# [EXCERPTED RECORDS]
lemma mult_ones_mat_eq_0_iff: "A ** ones_mat = 0 \<longleftrightarrow> (\<forall>a. (\<Sum>b\<in>UNIV. A$a$b) = 0)"
  by (simp add: vec_eq_iff matrix_matrix_mult_def ones_mat_def)

lemma ones_mat_mult_eq_0_iff: "ones_mat ** A = 0 \<longleftrightarrow> (\<forall>b. (\<Sum>a\<in>UNIV. A$a$b) = 0)"
  by (simp add: vec_eq_iff matrix_matrix_mult_def ones_mat_def)

lemma inverse_plus_ones_mat:
  fixes L H :: "real^'n^'n"
  defines "c \<equiv> 1 / real CARD('n)"
  assumes LJ: "L ** ones_mat = 0" and JL: "ones_mat ** L = 0"
    and inv: "H ** (L + ones_mat) = mat 1"
  shows "H ** ones_mat = c *\<^sub>R ones_mat" and "ones_mat ** H = c *\<^sub>R ones_mat"
    and "H ** L = mat 1 - c *\<^sub>R ones_mat" and "L ** H = mat 1 - c *\<^sub>R ones_mat"
proof -
  have inv': "(L + ones_mat) ** H = mat 1"
    using inv matrix_left_right_inverse by blast
  have unscale: "X = c *\<^sub>R M" if "M = real CARD('n) *\<^sub>R X" for M X :: "real^'n^'n"
    using that by (simp add: c_def)
  have "ones_mat = H ** (L + ones_mat) ** ones_mat" by (simp add: inv)
  also have "\<dots> = real CARD('n) *\<^sub>R (H ** ones_mat)"
    by (simp add: matrix_mul_assoc[symmetric] matrix_add_rdistrib LJ ones_mat_mult_ones_mat
        matrix_scalar_ac scalar_matrix_assoc)
  finally show HJ: "H ** ones_mat = c *\<^sub>R ones_mat"
    by (rule unscale)
  have "ones_mat = ones_mat ** ((L + ones_mat) ** H)" by (simp add: inv')
  also have "\<dots> = real CARD('n) *\<^sub>R (ones_mat ** H)"
    by (simp add: matrix_mul_assoc matrix_add_ldistrib JL ones_mat_mult_ones_mat
        scalar_matrix_assoc matrix_scalar_ac)
  finally show JH: "ones_mat ** H = c *\<^sub>R ones_mat"
    by (rule unscale)
  show "H ** L = mat 1 - c *\<^sub>R ones_mat"
    using inv HJ by (simp add: matrix_add_ldistrib eq_diff_eq)
  show "L ** H = mat 1 - c *\<^sub>R ones_mat"
    using inv' JH by (simp add: matrix_add_rdistrib eq_diff_eq)
qed

lemma moore_penrose_unique:
  fixes A X Y :: "real^'n^'n"
  assumes X: "A ** X ** A = A" "X ** A ** X = X" "transpose (A ** X) = A ** X"
      "transpose (X ** A) = X ** A"
    and Y: "A ** Y ** A = A" "Y ** A ** Y = Y" "transpose (A ** Y) = A ** Y"
      "transpose (Y ** A) = Y ** A"
  shows "X = Y"
proof -
  have "X = X ** transpose (A ** X)" using X(2,3) by (simp add: matrix_mul_assoc)
  also have "\<dots> = X ** transpose (A ** Y ** A ** X)" by (simp add: Y(1))
  also have "\<dots> = X ** (A ** X) ** (A ** Y)"
    using X(3) Y(3) by (simp add: matrix_transpose_mul matrix_mul_assoc)
  also have "\<dots> = X ** A ** Y" using X(2) by (simp add: matrix_mul_assoc)
  finally have XAY: "X = X ** A ** Y" .
  have "Y = transpose (Y ** A) ** Y" using Y(2,4) by simp
  also have "\<dots> = transpose (Y ** A ** X ** A) ** Y"
    using X(1) by (simp add: matrix_mul_assoc[symmetric])
  also have "\<dots> = (X ** A) ** (Y ** A) ** Y"
    using X(4) Y(4) by (simp add: matrix_transpose_mul matrix_mul_assoc)
  also have "\<dots> = X ** A ** Y" using Y(2) by (simp add: matrix_mul_assoc[symmetric])
  finally show ?thesis using XAY by simp
qed

lemma moore_penroseI:
  fixes A X :: "real^'n^'n"
  assumes "A ** X ** A = A" "X ** A ** X = X" "transpose (A ** X) = A ** X"
    "transpose (X ** A) = X ** A"
  shows "moore_penrose A = X"
  unfolding moore_penrose_def
proof (rule the_equality)
  fix Y
  assume "A ** Y ** A = A \<and> Y ** A ** Y = Y \<and> transpose (A ** Y) = A ** Y \<and>
    transpose (Y ** A) = Y ** A"
  then show "Y = X"
    using moore_penrose_unique[OF assms] by blast
qed (use assms in blast)

lemma moore_penrose_eq_inverse_plus_ones_mat:
  fixes L H :: "real^'n^'n"
  defines "c \<equiv> 1 / real CARD('n)"
  assumes LJ: "L ** ones_mat = 0" and JL: "ones_mat ** L = 0"
    and inv: "H ** (L + ones_mat) = mat 1"
  shows "moore_penrose L = H - (c * c) *\<^sub>R ones_mat"
proof (rule moore_penroseI)
  let ?M = "H - (c * c) *\<^sub>R ones_mat" and ?P = "mat 1 - c *\<^sub>R ones_mat :: real^'n^'n"
  note H = inverse_plus_ones_mat[OF LJ JL inv, folded c_def]
  have L_M: "L ** ?M = ?P"
    by (simp add: matrix_diff_ldistrib matrix_scalar_ac scalar_matrix_assoc[symmetric] LJ H)
  have M_L: "?M ** L = ?P"
    by (simp add: matrix_diff_rdistrib scalar_matrix_assoc[symmetric] JL H)
  have P_L: "?P ** L = L"
    by (simp add: matrix_diff_rdistrib scalar_matrix_assoc[symmetric] JL)
  have "c * c * real CARD('n) = c" by (simp add: c_def)
  then have J_M: "ones_mat ** ?M = 0"
    by (simp add: matrix_diff_ldistrib matrix_scalar_ac scalar_matrix_assoc[symmetric]
        ones_mat_mult_ones_mat H)
  have P_M: "?P ** ?M = ?M"
    by (simp only: matrix_diff_rdistrib scalar_matrix_assoc[symmetric] J_M) simp
  have P_sym: "transpose ?P = ?P"
    by (simp add: vec_eq_iff transpose_def mat_def ones_mat_def)
  show "L ** ?M ** L = L" by (simp only: L_M P_L)
  show "?M ** L ** ?M = ?M" by (simp only: M_L P_M)
  show "transpose (L ** ?M) = L ** ?M" and "transpose (?M ** L) = ?M ** L"
    by (simp_all only: L_M M_L P_sym)
qed

lemma inverse_on_unique:
  assumes "finite S" and N1: "is_inverse_on S M N1" and N2: "is_inverse_on S M N2"
    and "\<forall>a b. a \<notin> S \<or> b \<notin> S \<longrightarrow> N1 a b = 0"
    and "\<forall>a b. a \<notin> S \<or> b \<notin> S \<longrightarrow> N2 a b = 0"
  shows "N1 = N2"
proof (intro ext)
  fix a b
  show "N1 a b = N2 a b"
  proof (cases "a \<in> S \<and> b \<in> S")
    case True
    have "N1 a b = (\<Sum>k\<in>S. N1 a k * (if k = b then 1 else 0))"
      using True \<open>finite S\<close> by (simp add: if_distrib sum.delta' cong: if_cong)
    also have "\<dots> = (\<Sum>k\<in>S. N1 a k * (\<Sum>l\<in>S. M k l * N2 l b))"
      using N2 True unfolding is_inverse_on_def by (intro sum.cong refl) auto
    also have "\<dots> = (\<Sum>l\<in>S. (\<Sum>k\<in>S. N1 a k * M k l) * N2 l b)"
      by (simp add: sum_distrib_left sum_distrib_right mult.assoc) (rule sum.swap)
    also have "\<dots> = (\<Sum>l\<in>S. (if a = l then 1 else 0) * N2 l b)"
      using N1 True unfolding is_inverse_on_def by (intro sum.cong refl) auto
    also have "\<dots> = (\<Sum>l\<in>S. if a = l then N2 l b else 0)"
      by (intro sum.cong) auto
    also have "\<dots> = N2 a b" using True \<open>finite S\<close> by simp
    finally show ?thesis .
  qed (use assms in auto)
qed

lemma inverse_onI:
  assumes "finite S" "is_inverse_on S M N" "\<forall>a b. a \<notin> S \<or> b \<notin> S \<longrightarrow> N a b = 0"
  shows "inverse_on S M = N"
  unfolding inverse_on_def
proof (rule the_equality)
  fix N'
  assume "is_inverse_on S M N' \<and> (\<forall>a b. a \<notin> S \<or> b \<notin> S \<longrightarrow> N' a b = 0)"
  then show "N' = N"
    using inverse_on_unique[OF assms(1) _ assms(2) _ assms(3)] by blast
qed (use assms in blast)

lemma principal_sub_inverse_eq_inverse_plus_ones_mat:
  fixes L H :: "real^'n^'n"
  assumes LJ: "L ** ones_mat = 0" and JL: "ones_mat ** L = 0"
    and inv: "H ** (L + ones_mat) = mat 1"
  shows "principal_sub_inverse L t =
    (\<lambda>a b. if a \<noteq> t \<and> b \<noteq> t then H$a$b - H$t$b - H$a$t + H$t$t else 0)"
    (is "_ = ?N")
  unfolding principal_sub_inverse_def
proof (rule inverse_onI)
  define c where "c = 1 / real CARD('n)"
  note H = inverse_plus_ones_mat[OF LJ JL inv, folded c_def]
  have row: "(\<Sum>k\<in>UNIV. L$a$k) = 0" and col: "(\<Sum>k\<in>UNIV. L$k$b) = 0" for a b
    using LJ JL by (simp_all add: mult_ones_mat_eq_0_iff ones_mat_mult_eq_0_iff)
  have LH: "(\<Sum>k\<in>UNIV. L$a$k * H$k$b) = (if a = b then 1 else 0) - c"
    and HL: "(\<Sum>k\<in>UNIV. H$a$k * L$k$b) = (if a = b then 1 else 0) - c" for a b
    using H(3,4)[THEN arg_cong[where f="\<lambda>M. M$a$b"]]
    by (simp_all add: matrix_matrix_mult_def mat_def ones_mat_def)
  show "is_inverse_on (UNIV - {t}) (principal_submatrix L t) ?N"
    unfolding is_inverse_on_def
  proof (intro ballI conjI)
    fix a b assume "a \<in> UNIV - {t}" "b \<in> UNIV - {t}"
    then have a: "a \<noteq> t" and b: "b \<noteq> t" by auto
    have "(\<Sum>k\<in>UNIV - {t}. principal_submatrix L t a k * ?N k b) =
        (\<Sum>k\<in>UNIV - {t}. L$a$k * (H$k$b - H$t$b - H$k$t + H$t$t))"
      using a b by (intro sum.cong) (auto simp: principal_submatrix_def)
    also have "\<dots> = (\<Sum>k\<in>UNIV. L$a$k * (H$k$b - H$t$b - H$k$t + H$t$t))"
      by (simp add: sum_diff1)
    also have "\<dots> = (\<Sum>k\<in>UNIV. L$a$k * H$k$b) - H$t$b * (\<Sum>k\<in>UNIV. L$a$k)
        - (\<Sum>k\<in>UNIV. L$a$k * H$k$t) + H$t$t * (\<Sum>k\<in>UNIV. L$a$k)"
      by (simp add: algebra_simps sum.distrib sum_subtractf sum_distrib_left)
    finally show "(\<Sum>k\<in>UNIV - {t}. principal_submatrix L t a k * ?N k b) =
        (if a = b then 1 else 0)"
      using a by (simp add: LH row)
    have "(\<Sum>k\<in>UNIV - {t}. ?N a k * principal_submatrix L t k b) =
        (\<Sum>k\<in>UNIV - {t}. (H$a$k - H$t$k - H$a$t + H$t$t) * L$k$b)"
      using a b by (intro sum.cong) (auto simp: principal_submatrix_def)
    also have "\<dots> = (\<Sum>k\<in>UNIV. (H$a$k - H$t$k - H$a$t + H$t$t) * L$k$b)"
      by (simp add: sum_diff1)
    also have "\<dots> = (\<Sum>k\<in>UNIV. H$a$k * L$k$b) - (\<Sum>k\<in>UNIV. H$t$k * L$k$b)
        - H$a$t * (\<Sum>k\<in>UNIV. L$k$b) + H$t$t * (\<Sum>k\<in>UNIV. L$k$b)"
      by (simp add: algebra_simps sum.distrib sum_subtractf sum_distrib_left)
    finally show "(\<Sum>k\<in>UNIV - {t}. ?N a k * principal_submatrix L t k b) =
        (if a = b then 1 else 0)"
      using b by (simp add: HL col)
  qed
qed auto

lemma sum_principal_sub_inverse_row:
  fixes L H :: "real^'n^'n"
  assumes LJ: "L ** ones_mat = 0" and JL: "ones_mat ** L = 0"
    and inv: "H ** (L + ones_mat) = mat 1" and "a \<noteq> t"
  shows "(\<Sum>k\<in>UNIV - {t}. principal_sub_inverse L t a k) = real CARD('n) * (H$t$t - H$a$t)"
proof -
  have row_H: "(\<Sum>k\<in>UNIV. H$b$k) = 1 / real CARD('n)" for b
    using inverse_plus_ones_mat(1)[OF LJ JL inv, THEN arg_cong[where f="\<lambda>M. M$b$b"]]
    by (simp add: matrix_matrix_mult_def ones_mat_def)
  have "(\<Sum>k\<in>UNIV - {t}. principal_sub_inverse L t a k) =
      (\<Sum>k\<in>UNIV - {t}. H$a$k - H$t$k - H$a$t + H$t$t)"
    using \<open>a \<noteq> t\<close>
    by (intro sum.cong) (auto simp: principal_sub_inverse_eq_inverse_plus_ones_mat[OF LJ JL inv])
  also have "\<dots> = (\<Sum>k\<in>UNIV. H$a$k - H$t$k - H$a$t + H$t$t)"
    by (simp add: sum_diff1)
  also have "\<dots> = real CARD('n) * (H$t$t - H$a$t)"
    by (simp add: sum.distrib sum_subtractf row_H algebra_simps)
  finally show ?thesis .
qed

lemma inner_axis_diff_matrix_vector_mult:
  fixes M :: "real^'n^'n"
  shows "(axis i 1 - axis j 1) \<bullet> (M *v (axis i 1 - axis j 1)) = M$i$i - M$i$j - M$j$i + M$j$j"
  by (simp add: inner_diff_left inner_axis' matrix_vector_mult_diff_distrib
      matrix_vector_mult_basis column_def)

lemma wadj_commute: "wadj E ends w a b = wadj E ends w b a"
  unfolding wadj_def by (simp add: insert_commute)

lemma wadj_nonneg: "\<forall>e\<in>E. w e > 0 \<Longrightarrow> wadj E ends w a b \<ge> 0"
  unfolding wadj_def by (intro sum_nonneg) auto

lemma wadj_pos:
  assumes "finite E" "\<forall>e\<in>E. w e > 0" "e \<in> E" "ends e = {a, b}"
  shows "wadj E ends w a b > 0"
proof -
  have "w e \<le> wadj E ends w a b"
    unfolding wadj_def using assms by (intro member_le_sum) auto
  then show ?thesis using assms by force
qed

lemma laplacian_entry:
  "laplacian E ends w $ a $ b =
    (if a = b then (\<Sum>k\<in>UNIV. wadj E ends w a k) else 0) - wadj E ends w a b"
  unfolding laplacian_def by simp

lemma laplacian_commute: "laplacian E ends w $ a $ b = laplacian E ends w $ b $ a"
  by (simp add: laplacian_entry wadj_commute)

lemma laplacian_mult_ones_mat:
  "laplacian E ends w ** ones_mat = 0" "ones_mat ** laplacian E ends w = 0"
proof -
  have row: "(\<Sum>b\<in>UNIV. laplacian E ends w $ a $ b) = 0" for a
    by (simp add: laplacian_entry sum_subtractf)
  then show "laplacian E ends w ** ones_mat = 0"
    by (simp add: mult_ones_mat_eq_0_iff)
  show "ones_mat ** laplacian E ends w = 0"
    using row by (simp add: ones_mat_mult_eq_0_iff laplacian_commute)
qed

lemma laplacian_mult_vec:
  "(laplacian E ends w *v x) $ a = (\<Sum>b\<in>UNIV. wadj E ends w a b * (x$a - x$b))"
proof -
  let ?A = "wadj E ends w"
  have "(laplacian E ends w *v x) $ a =
      (\<Sum>b\<in>UNIV. (if a = b then (\<Sum>k\<in>UNIV. ?A a k) else 0) * x$b) - (\<Sum>b\<in>UNIV. ?A a b * x$b)"
    by (simp add: matrix_vector_mult_def laplacian_entry left_diff_distrib sum_subtractf)
  also have "\<dots> = (\<Sum>b\<in>UNIV. if b = a then (\<Sum>k\<in>UNIV. ?A a k) * x$a else 0)
      - (\<Sum>b\<in>UNIV. ?A a b * x$b)"
    by (intro arg_cong2[where f=minus] sum.cong) auto
  also have "\<dots> = (\<Sum>b\<in>UNIV. ?A a b * x$a) - (\<Sum>b\<in>UNIV. ?A a b * x$b)"
    by (simp add: sum_distrib_right)
  finally show ?thesis by (simp add: right_diff_distrib sum_subtractf)
qed

lemma laplacian_quadratic_form:
  "2 * (x \<bullet> (laplacian E ends w *v x)) =
    (\<Sum>a\<in>UNIV. \<Sum>b\<in>UNIV. wadj E ends w a b * (x$a - x$b)^2)"
proof -
  let ?A = "wadj E ends w"
  have form: "x \<bullet> (laplacian E ends w *v x) = (\<Sum>a\<in>UNIV. \<Sum>b\<in>UNIV. ?A a b * x$a * (x$a - x$b))"
    by (simp add: inner_vec_def laplacian_mult_vec sum_distrib_left mult_ac)
  also have "\<dots> = (\<Sum>a\<in>UNIV. \<Sum>b\<in>UNIV. ?A a b * x$b * (x$b - x$a))"
    by (subst sum.swap) (simp add: wadj_commute)
  finally have "2 * (x \<bullet> (laplacian E ends w *v x)) =
      (\<Sum>a\<in>UNIV. \<Sum>b\<in>UNIV. ?A a b * x$a * (x$a - x$b) + ?A a b * x$b * (x$b - x$a))"
    unfolding form by (simp add: sum.distrib)
  also have "\<dots> = (\<Sum>a\<in>UNIV. \<Sum>b\<in>UNIV. ?A a b * (x$a - x$b)^2)"
    by (simp add: power2_eq_square algebra_simps)
  finally show ?thesis .
qed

# [BRIEF]
Return every line above where "open" appears.

# [THE ANSWER]
      using True \<open>finite S\<close> by (simp add: if_distrib sum.delta' cong: if_cong)
    also have "\<dots> = N2 a b" using True \<open>finite S\<close> by simp
    using \<open>a \<noteq> t\<close>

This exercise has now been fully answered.